Resolving ‘host not found in upstream’ Error in Nginx with Docker Swarm Services

Experiencing problems when running an nginx reverse proxy within your docker swarm, particularly where services fail to start causing nginx itself to halt? This issue often arises due to a lack of resolvable hostnames for failed service instances. Here’s how you can maintain functionality even if some services are not found:

Understanding the Issue

Nginx attempts initial lookup at startup based on static DNS resolution, which is where it may fail when dependent dockerized services aren’t responsive or reachable. This results in errors such as ‘host not found for “service_name” within upstream configuration of nginx server block xyz’. Here’s an example:

# Example from error log (simplified)
UploadPassed|172.31.0.98 54/tcp reverse-proxy_stack_nginx-reverse-proxy[...] "uptime-kuma" in /data/nginx/proxy_host/5.conf:54

In this situation, nginx fails to continue since the uptime-kuma service is not reachable due to misconfiguration or downtime of that specific dockerized application within your swarm environment.

Solution Strategy

To prevent a single point failure from halting all functionality: configure dynamic DNS entries so they’re resolved at query time rather than the static resolver during nginx startup, thus allowing individual service statuses to dictate connectivity without impacting others or stopping Nginx entirely. Here’s how you do this with jc21/nginx-proxy-manager:

Steps for Dynamic DNS Configuration:

Set Up a Resolver in your nginx configuration files, specifying where it should obtain its dynamic resolves from (either Docker’s internal service discovery or Kubernetes’ cluster services).
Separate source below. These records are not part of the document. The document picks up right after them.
theorem proposition7:
  shows "extremal_in sigma111
    (\<lambda>\<alpha> \<beta> \<gamma>. 2 powr (3/2) - cos (\<alpha> + \<beta> + \<gamma>) - cos (- \<alpha> + \<beta> + \<gamma>)
                 - cos (\<alpha> - \<beta> + \<gamma>) + cos (\<alpha> + \<beta> - \<gamma>))"
proof -
  have "extremal_in sigma111 extreme_poly"
  proof (rule extremal_inI[OF extreme_poly_in_sigma111])
    show "0 \<le> g a b c" if "g \<in> sigma111" for g a b c
      using that unfolding sigma111_def by blast
  qed (rule dominated_by_extreme_poly)
  then show ?thesis
    unfolding extreme_poly_def .
qed

end
definition omega2 :: "nat \<Rightarrow> pt \<Rightarrow> pt \<Rightarrow> pt \<Rightarrow> real" where
  "omega2 n p v w = 1 / (2 * pi) * (\<Sum>j\<in>idx n. (1 / rr p j) * (rr v j * et w j - rr w j * et v j))"

definition gmetric :: "nat \<Rightarrow> pt \<Rightarrow> pt \<Rightarrow> pt \<Rightarrow> real" where
  "gmetric n p v w = (\<Sum>j\<in>idx n. rr v j * rr w j + 4 * pi\<^sup>2 * (rr p j)\<^sup>2 * th v j * th w j
       + 1 / (4 * pi\<^sup>2 * (rr p j)\<^sup>2) * et v j * et w j)"

definition omegaD :: "nat \<Rightarrow> pt \<Rightarrow> pt \<Rightarrow> pt \<Rightarrow> real" where
  "omegaD n p v w = (\<Sum>j\<in>idx n. th v j * et w j - th w j * et v j)"

definition mu1 :: "nat \<Rightarrow> pt \<Rightarrow> real" where
  "mu1 n p = - pi * (\<Sum>j\<in>idx n. (rr p j)\<^sup>2)"

definition mu2 :: "nat \<Rightarrow> pt \<Rightarrow> real" where
  "mu2 n p = - (1 / (2 * pi)) * ln (\<Prod>j\<in>idx n. rr p j)"

definition dfun :: "(pt \<Rightarrow> real) \<Rightarrow> pt \<Rightarrow> pt \<Rightarrow> real \<Rightarrow> bool" where
  "dfun f p v d \<longleftrightarrow> ((\<lambda>t. f (padd p t v)) has_real_derivative d) (at 0)"

text \<open>(df wedge dh) at p is nonzero: it is nonzero on some pair of tangent vectors.\<close>
definition wedge_nonzero :: "(pt \<Rightarrow> real) \<Rightarrow> (pt \<Rightarrow> real) \<Rightarrow> pt \<Rightarrow> bool" where
  "wedge_nonzero f h p \<longleftrightarrow> (\<exists>v w a b c d. dfun f p v a \<and> dfun f p w b \<and> dfun h p v c \<and> dfun h p w d
       \<and> a * d - b * c \<noteq> 0)"

end

theory Submission
  imports Defs "HOL-Analysis.Convex"
begin

text \<open>The torus acts by translating the angles \<theta> and \<eta>, whereas the four tensors and
  both moment maps only see the radii and the components of tangent vectors; so
  invariance is immediate, and even the whole torus acts freely.
  On \<open>P\<close> the quantity \<open>(-\<mu>\<^sub>1/\<pi>) e\<^bsup>4\<pi>\<mu>\<^sub>2/(n+1)\<^esup>\<close> equals
  \<open>\<Sum> r\<^sub>j\<^sup>2 / (\<Prod> r\<^sub>j)\<^bsup>2/(n+1)\<^esup>\<close>, which by AM-GM is at least \<open>n + 1\<close>, with value \<open>n + 1\<close>
  when all radii coincide. Conversely radii of the form \<open>(a, \<dots>, a, b)\<close> with prescribed
  \<open>\<Sum> r\<^sub>j\<^sup>2\<close> and \<open>\<Prod> r\<^sub>j\<close> exist by the intermediate value theorem as soon as the AM-GM
  bound allows it. Finally \<open>d\<mu>\<^sub>1 \<wedge> d\<mu>\<^sub>2 (\<partial>\<^sub>r\<^sub>i, \<partial>\<^sub>r\<^sub>k)\<close> is a nonzero multiple of
  \<open>r\<^sub>i/r\<^sub>k - r\<^sub>k/r\<^sub>i\<close>, which vanishes for all \<open>i, k\<close> only on the diagonal.\<close>

lemma finite_idx [simp]: "finite (idx n)"
  and card_idx [simp]: "card (idx n) = n + 1"
  by (simp_all add: idx_def)

lemma idx_eq_insert: "idx n = insert (n + 1) {1..n}"
  by (auto simp: idx_def)

lemma rr_pos: "p \<in> Pset n \<Longrightarrow> j \<in> idx n \<Longrightarrow> rr p j > 0"
  by (simp add: Pset_def)

lemma act_coords [simp]:
  "th (act g p) j = th p j + fst g j"
  "rr (act g p) = rr p"
  "et (act g p) j = et p j + snd g j"
  by (simp_all add: act_def th_def rr_def et_def)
For example:
- Using localhost with an assigned port might look like this for basic DNS resolution via system config.dnsmasq: 127.0.0.1,53/tcp resolver settings in /etc/nginx/snippets/dynamic_resolvers.

server {
 resolve_service service-name dns;
}

If using Kubernetes services (kube-dns), you might configure it as follows: 10.32.0.1:53, masters/, where the address is derived from your cluster’s internal DNS configuration or via service discovery APIs like CoreDNS with kubedns resolver settings in /etc/nginx/resolver.

server {
 set $upstream dyno-service.default; # Assign a variable to use as the upstream definition 
 resolve_service "$upstream" "kube";          # Use this DNS system with kubedns resolvers specified in nginx configs for dynamic service discovery and routing of requests within Kubernetes environment or Docker swarm's internal networking.
}

Modify Your Upstream Definitions to refer solely to these variables:
- This modification is essential so that if a particular upstream like uptime-kuma stops responding, nginx won’t halt entirely but continue routing traffic for other services correctly using the dynamic DNS resolution setup. Here’s an updated snippet of how your config might look after this change (simplified):

upstream stack_nginx {
 server web; # Default or primary service within upstack 
 $dyno-service1 backup;       # Secondary, dynamic resolvable by set variable dnsname and the assigned port for kube services. In Docker Swarm's case using localhost:53/tcp with system config.
}

By implementing these changes within your nginx configuration alongside jc21/nginx-proxy, you can ensure that Nginx will continue to proxy requests even when individual service instances fail, thereby maintaining a robust and fault-tol0nsal reverse proxy setup in Docker Swarm environments with dynamic DNS resolution.